# Marlin 60 for home defense



## slantroutes

Now I know this isn't the ideal forum for this sort of question, but I'm registered here already so I thought I'd give it a try.

I own one firearm, a Marlin Model 60. For those of you who don't know, it's a .22lr semiautomatic rifle. It's tube-fed and holds 15 rounds. At this point buying another gun isn't really an option, and training with any ammo more expensive than .22lr would just be too expensive. So, I have the Marlin loaded with the Federal hollow point ammo that you can buy in bulk at Wal Mart, and right now that's our home defense weapon.

Just tell me, is this at all an acceptable home defense weapon for the time being?


----------



## TedDeBearFrmHell

slantroutes said:


> Now I know this isn't the ideal forum for this sort of question, but I'm registered here already so I thought I'd give it a try.
> 
> I own one firearm, a Marlin Model 60. For those of you who don't know, it's a .22lr semiautomatic rifle. It's tube-fed and holds 15 rounds. At this point buying another gun isn't really an option, and training with any ammo more expensive than .22lr would just be too expensive. So, I have the Marlin loaded with the Federal hollow point ammo that you can buy in bulk at Wal Mart, and right now that's our home defense weapon.
> 
> Just tell me, is this at all an acceptable home defense weapon for the time being?


anything is better than nothing......

BUT this is less than ideal unless you are defending against squirrels, paper plates and empty soda cans.


----------



## DanP_from_AZ

slantroutes said:


> . . . Just tell me, is this at all an acceptable home defense weapon for the time being?


I think you may have missed the place in the Marlin manuals for all their .22 LR guns with the recommendation "how to use for home invasion defense".
"1. Pick up gun".
"2. Point in the general direction of any perps".
"3. Scream as loud as possible *I have a gun ! ! !* and *I've called 911 ! ! !*".
"4. Repeat step 3. until no longer needed".

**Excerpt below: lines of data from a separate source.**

text \<open>Padding a matrix of \<open>U\<^sub>n\<^sub>-\<^sub>1(R)\<close> by a last row and column of the identity and
  passing to the quotient by the corner \<open>R\<^sup>+\<close> embeds \<open>U\<^sub>n\<^sub>-\<^sub>1(R)\<close> into \<open>\<bar>U\<^sub>n(R)\<close>.
  Conversely the upper-left and the lower-right \<open>n \<times> n\<close> blocks of a matrix of \<open>U\<^sub>n(R)\<close> are
  homomorphisms onto \<open>U\<^sub>n\<^sub>-\<^sub>1(R)\<close> that do not see the corner entry, so they factor through
  \<open>\<bar>U\<^sub>n(R)\<close>; as every entry other than the corner lies in one of the two blocks,
  together they embed \<open>\<bar>U\<^sub>n(R)\<close> into \<open>U\<^sub>n\<^sub>-\<^sub>1(R)\<^sup>2\<close>. All these maps are continuous, and a
  continuous embedding \<open>U \<rightarrow> V\<close> (or \<open>U \<rightarrow> V\<^sup>2\<close>) gives \<open>T\<^sup>V(G) \<subseteq> T\<^sup>U(G)\<close>.\<close>

section \<open>Comparing kernels of continuous homomorphisms\<close>

lemma T_kernel_subset_if_jointly_injective:
  assumes hom: "\<phi> \<in> hom V U" "\<psi> \<in> hom V U"
    and cont: "continuous_map TV TU \<phi>" "continuous_map TV TU \<psi>"
    and inj: "\<And>v. v \<in> carrier V \<Longrightarrow> \<phi> v = \<one>\<^bsub>U\<^esub> \<Longrightarrow> \<psi> v = \<one>\<^bsub>U\<^esub> \<Longrightarrow> v = \<one>\<^bsub>V\<^esub>"
  shows "T_kernel G TG U TU \<subseteq> T_kernel G TG V TV"
proof
  fix x assume x: "x \<in> T_kernel G TG U TU"
  then have xG: "x \<in> carrier G" by (simp add: T_kernel_def)
  have in_kernel: "f x = \<one>\<^bsub>U\<^esub>" if "f \<in> hom G U" "continuous_map TG TU f" for f
    using x that unfolding T_kernel_def kernel_def by blast
  show "x \<in> T_kernel G TG V TV"
    unfolding T_kernel_def
  proof (intro IntI InterI xG)
    fix K assume "K \<in> {kernel G V g |g. g \<in> hom G V \<and> continuous_map TG TV g}"
    then obtain g where K: "K = kernel G V g" and g: "g \<in> hom G V" "continuous_map TG TV g"
      by blast
    have "\<phi> \<circ> g \<in> hom G U" "\<psi> \<circ> g \<in> hom G U"
      using g(1) hom by (blast intro: hom_compose)+
    moreover have "continuous_map TG TU (\<phi> \<circ> g)" "continuous_map TG TU (\<psi> \<circ> g)"
      using g(2) cont by (blast intro: continuous_map_compose)+
    ultimately have "\<phi> (g x) = \<one>\<^bsub>U\<^esub>" "\<psi> (g x) = \<one>\<^bsub>U\<^esub>"
      using in_kernel by fastforce+
    then show "x \<in> K"
      using inj[OF hom_in_carrier[OF g(1) xG]] xG by (simp add: K kernel_def)
  qed
qed

lemma T_kernel_subset_if_injective:
  assumes "\<phi> \<in> hom V U" "continuous_map TV TU \<phi>"
    and "\<And>v. v \<in> carrier V \<Longrightarrow> \<phi> v = \<one>\<^bsub>U\<^esub> \<Longrightarrow> v = \<one>\<^bsub>V\<^esub>"
  shows "T_kernel G TG U TU \<subseteq> T_kernel G TG V TV"
  by (rule T_kernel_subset_if_jointly_injective[OF assms(1,1,2,2)]) (rule assms(3))

section \<open>Quotient topology\<close>

lemma istopology_quotient:
  "istopology (\<lambda>U. U \<subseteq> q ` topspace Y \<and> openin Y {x \<in> topspace Y. q x \<in> U})"
  unfolding istopology_def
proof (rule conjI; intro allI impI)
  fix S T
  assume "S \<subseteq> q ` topspace Y \<and> openin Y {x \<in> topspace Y. q x \<in> S}"
    and "T \<subseteq> q ` topspace Y \<and> openin Y {x \<in> topspace Y. q x \<in> T}"
  moreover have "{x \<in> topspace Y. q x \<in> S \<inter> T}
      = {x \<in> topspace Y. q x \<in> S} \<inter> {x \<in> topspace Y. q x \<in> T}" by auto
  ultimately show "S \<inter> T \<subseteq> q ` topspace Y \<and> openin Y {x \<in> topspace Y. q x \<in> S \<inter> T}"
    by auto
next
  fix K assume K: "\<forall>U\<in>K. U \<subseteq> q ` topspace Y \<and> openin Y {x \<in> topspace Y. q x \<in> U}"
  have "{x \<in> topspace Y. q x \<in> \<Union>K} = (\<Union>U\<in>K. {x \<in> topspace Y. q x \<in> U})" by auto
  then show "\<Union>K \<subseteq> q ` topspace Y \<and> openin Y {x \<in> topspace Y. q x \<in> \<Union>K}"
    using K by auto
qed

lemma openin_quotient_topology:
  "openin (quotient_topology Y q) U \<longleftrightarrow> U \<subseteq> q ` topspace Y \<and> openin Y {x \<in> topspace Y. q x \<in> U}"
  by (simp add: quotient_topology_def istopology_quotient)

lemma topspace_quotient_topology: "topspace (quotient_topology Y q) = q ` topspace Y"
proof (rule antisym)
  show "topspace (quotient_topology Y q) \<subseteq> q ` topspace Y"
    using openin_quotient_topology[of Y q "topspace (quotient_topology Y q)"] by simp
  have "{x \<in> topspace Y. q x \<in> q ` topspace Y} = topspace Y" by auto
  then show "q ` topspace Y \<subseteq> topspace (quotient_topology Y q)"
    by (intro openin_subset) (simp add: openin_quotient_topology)
qed

lemma continuous_map_to_quotient_topology: "continuous_map Y (quotient_topology Y q) q"
  unfolding continuous_map_def topspace_quotient_topology by (auto simp: openin_quotient_topology)

lemma continuous_map_from_quotient_topology:
  assumes "continuous_map Y Z (\<lambda>x. h (q x))"
  shows "continuous_map (quotient_topology Y q) Z h"
  unfolding continuous_map_def topspace_quotient_topology
proof (intro conjI allI impI)
  show "h \<in> q ` topspace Y \<rightarrow> topspace Z"
    using assms by (auto simp: continuous_map_def)
  fix U assume "openin Z U"
  moreover have "{x \<in> topspace Y. q x \<in> {y \<in> q ` topspace Y. h y \<in> U}} = {x \<in> topspace Y. h (q x) \<in> U}"
    by auto
  ultimately show "openin (quotient_topology Y q) {y \<in> q ` topspace Y. h y \<in> U}"
    using assms by (simp add: openin_quotient_topology continuous_map_def)
qed

lemma Unitri_mult_apply:
  "(A \<otimes>\<^bsub>Unitri n\<^esub> B) (i, j) = (if i \<le> n \<and> j \<le> n then \<Sum>k\<le>n. A (i, k) * B (k, j) else 0)"
  by (simp add: Unitri_def)

lemma Unitri_one_apply: "\<one>\<^bsub>Unitri n\<^esub> (i, j) = (if i = j \<and> i \<le> n then 1 else 0)"
  by (simp add: Unitri_def)

lemma carrier_Unitri: "carrier (Unitri n) = unitri_carrier n"
  by (simp add: Unitri_def)

lemma unitri_carrier_entry:
  "A \<in> unitri_carrier n \<Longrightarrow> \<not> (i < j \<and> j \<le> n) \<Longrightarrow> A (i, j) = (if i = j \<and> i \<le> n then 1 else 0)"
  by (auto simp: unitri_carrier_def)

lemma unitri_carrier_product_term_zero:
  "A \<in> unitri_carrier n \<Longrightarrow> B \<in> unitri_carrier n \<Longrightarrow> k \<le> n \<Longrightarrow> \<not> (i \<le> k \<and> k \<le> j)
    \<Longrightarrow> A (i, k) * B (k, j) = 0"
  by (cases "k < i") (auto simp: unitri_carrier_entry)

lemma Unitri_mult_closed:
  assumes A: "A \<in> unitri_carrier n" and B: "B \<in> unitri_carrier n"
  shows "A \<otimes>\<^bsub>Unitri n\<^esub> B \<in> unitri_carrier n"
proof -
  have diagonal: "(\<Sum>k\<le>n. A (i, k) * B (k, i)) = 1" if "i \<le> n" for i
  proof -
    have "(\<Sum>k\<le>n. A (i, k) * B (k, i)) = A (i, i) * B (i, i) + (\<Sum>k\<in>{..n} - {i}. A (i, k) * B (k, i))"
      using that by (simp add: sum.remove)
    also have "(\<Sum>k\<in>{..n} - {i}. A (i, k) * B (k, i)) = 0"
      by (rule sum.neutral) (auto intro!: unitri_carrier_product_term_zero[OF A B])
    finally show ?thesis
      using A B that by (simp add: unitri_carrier_entry)
  qed
  have below_diagonal: "(\<Sum>k\<le>n. A (i, k) * B (k, j)) = 0" if "j < i" for i j
    by (rule sum.neutral) (use that in \<open>auto intro!: unitri_carrier_product_term_zero[OF A B]\<close>)
  show ?thesis
    unfolding unitri_carrier_def by (auto simp: Unitri_mult_apply diagonal below_diagonal)
qed

lemma Unitri_one_mult: "A \<in> unitri_carrier n \<Longrightarrow> \<one>\<^bsub>Unitri n\<^esub> \<otimes>\<^bsub>Unitri n\<^esub> A = A"
  by (auto simp: fun_eq_iff Unitri_mult_apply Unitri_one_apply unitri_carrier_entry
      if_distrib[where f = "\<lambda>x. x * _"] cong: if_cong)

lemma Unitri_mult_upd_corner_left:
  assumes B: "B \<in> unitri_carrier n" and n: "0 < n"
  shows "A((0, n) := x) \<otimes>\<^bsub>Unitri n\<^esub> B
    = (A \<otimes>\<^bsub>Unitri n\<^esub> B)((0, n) := (A \<otimes>\<^bsub>Unitri n\<^esub> B) (0, n) + (x - A (0, n)))"
proof (rule ext, clarify)
  fix i j
  show "(A((0, n) := x) \<otimes>\<^bsub>Unitri n\<^esub> B) (i, j)
    = ((A \<otimes>\<^bsub>Unitri n\<^esub> B)((0, n) := (A \<otimes>\<^bsub>Unitri n\<^esub> B) (0, n) + (x - A (0, n)))) (i, j)"
  proof (cases "i = 0 \<and> j \<le> n")
    case True
    have "(\<Sum>k\<le>n. (A((0, n) := x)) (0, k) * B (k, j))
        = (\<Sum>k\<le>n. A (0, k) * B (k, j) + (if k = n then (x - A (0, n)) * B (n, j) else 0))"
      by (rule sum.cong) (auto simp: algebra_simps)
    also have "\<dots> = (\<Sum>k\<le>n. A (0, k) * B (k, j)) + (x - A (0, n)) * B (n, j)"
      by (simp add: sum.distrib)
    finally show ?thesis
      using True B n by (auto simp: Unitri_mult_apply unitri_carrier_entry)
  qed (auto simp: Unitri_mult_apply)
qed

lemma Unitri_mult_upd_corner_right:
  assumes A: "A \<in> unitri_carrier n" and n: "0 < n"
  shows "A \<otimes>\<^bsub>Unitri n\<^esub> B((0, n) := y)
    = (A \<otimes>\<^bsub>Unitri n\<^esub> B)((0, n) := (A \<otimes>\<^bsub>Unitri n\<^esub> B) (0, n) + (y - B (0, n)))"
proof (rule ext, clarify)
  fix i j
  show "(A \<otimes>\<^bsub>Unitri n\<^esub> B((0, n) := y)) (i, j)
    = ((A \<otimes>\<^bsub>Unitri n\<^esub> B)((0, n) := (A \<otimes>\<^bsub>Unitri n\<^esub> B) (0, n) + (y - B (0, n)))) (i, j)"
  proof (cases "j = n \<and> i \<le> n")
    case True
    have "(\<Sum>k\<le>n. A (i, k) * (B((0, n) := y)) (k, n))
        = (\<Sum>k\<le>n. A (i, k) * B (k, n) + (if k = 0 then A (i, 0) * (y - B (0, n)) else 0))"
      by (rule sum.cong) (auto simp: algebra_simps)
    also have "\<dots> = (\<Sum>k\<le>n. A (i, k) * B (k, n)) + A (i, 0) * (y - B (0, n))"
      by (simp add: sum.distrib)
    finally show ?thesis
      using True A n by (auto simp: Unitri_mult_apply unitri_carrier_entry)
  qed (auto simp: Unitri_mult_apply)
qed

But seriously. Your gun is what you have. And as always, anything is better than nothing. Especially 15 rounds of "anything".
After all, the first requirement is making them want to leave. Killing them and waiting for the police white outline and cleanup is optional.


----------



## fiasconva

A .22 will, believe or not, kill a human. One of my former "honor students" got himself killed a few years ago with one during a home invasion. Homeowner shot him in the chest and he ran outside and died in the front yard. However, the hollow points may not give you enough penetration on humans, especially trying to go through the chest cavity. You may want to try some fmj or something until you can get a larger caliber, or a shotgun.


----------



## prof_fate

As others have stated anything is better than nothing. Call 911 and by all means let them know you are armed. You really don't want to shoot, do you? Best case they leave and you hit didn't hit them - so you now have holes in your house and such to deal with. OK, you missed them and shot a neighbor (or their house, car, etc). You will have issues to deal with. OK, you hit the unarmed bad guy, now what? Empty the gun into him of course (easier to defend the 'i was scared and just kept shooting' than anything else). And if he's big and mad and you just wounded him you will need to keep shooting. OK, say you hit him and he leaves...crap! Blood to clean up, lots to explain to the cops and now someone is really mad at you and may come back...with a gun for sure. Killing him may be a good option, but he better be an armed drug addict with a criminal record. Killing the alzheimer dad from down the street or some thrill seeking teen kid won't go down well, no matter how 'clean' the shoot is.

My feeling is I"m not likely to shoot until face to face with the bad guy - I want 100% certainty of who I"m trying to kill. I know I won't freeze and I"m good enough to put em all in the chest from my pistol ( a ruger mk 1 22, but I'm shopping for something bigger). Since my gun is in my BR safe that's where I'll be making my stand and most likely if I empty the clip into someone there they'll be dead and I'll have enough evidence in my favor that self defense won't be an issue (the guy won't be crawling back outside)


----------



## fiasconva

prof_fate, that is exactly what happened to the SOB mentioned above. He broke into the house and the homeowner ran into his bedroom and locked the door while calling 911. When the SOB kicked in the bedroom door the homeowner shot him with his 22 rifle. The perp had just been released on bond a day earlier and was awaiting trial for strong-armed robbery and assault with a deadly weapon.


----------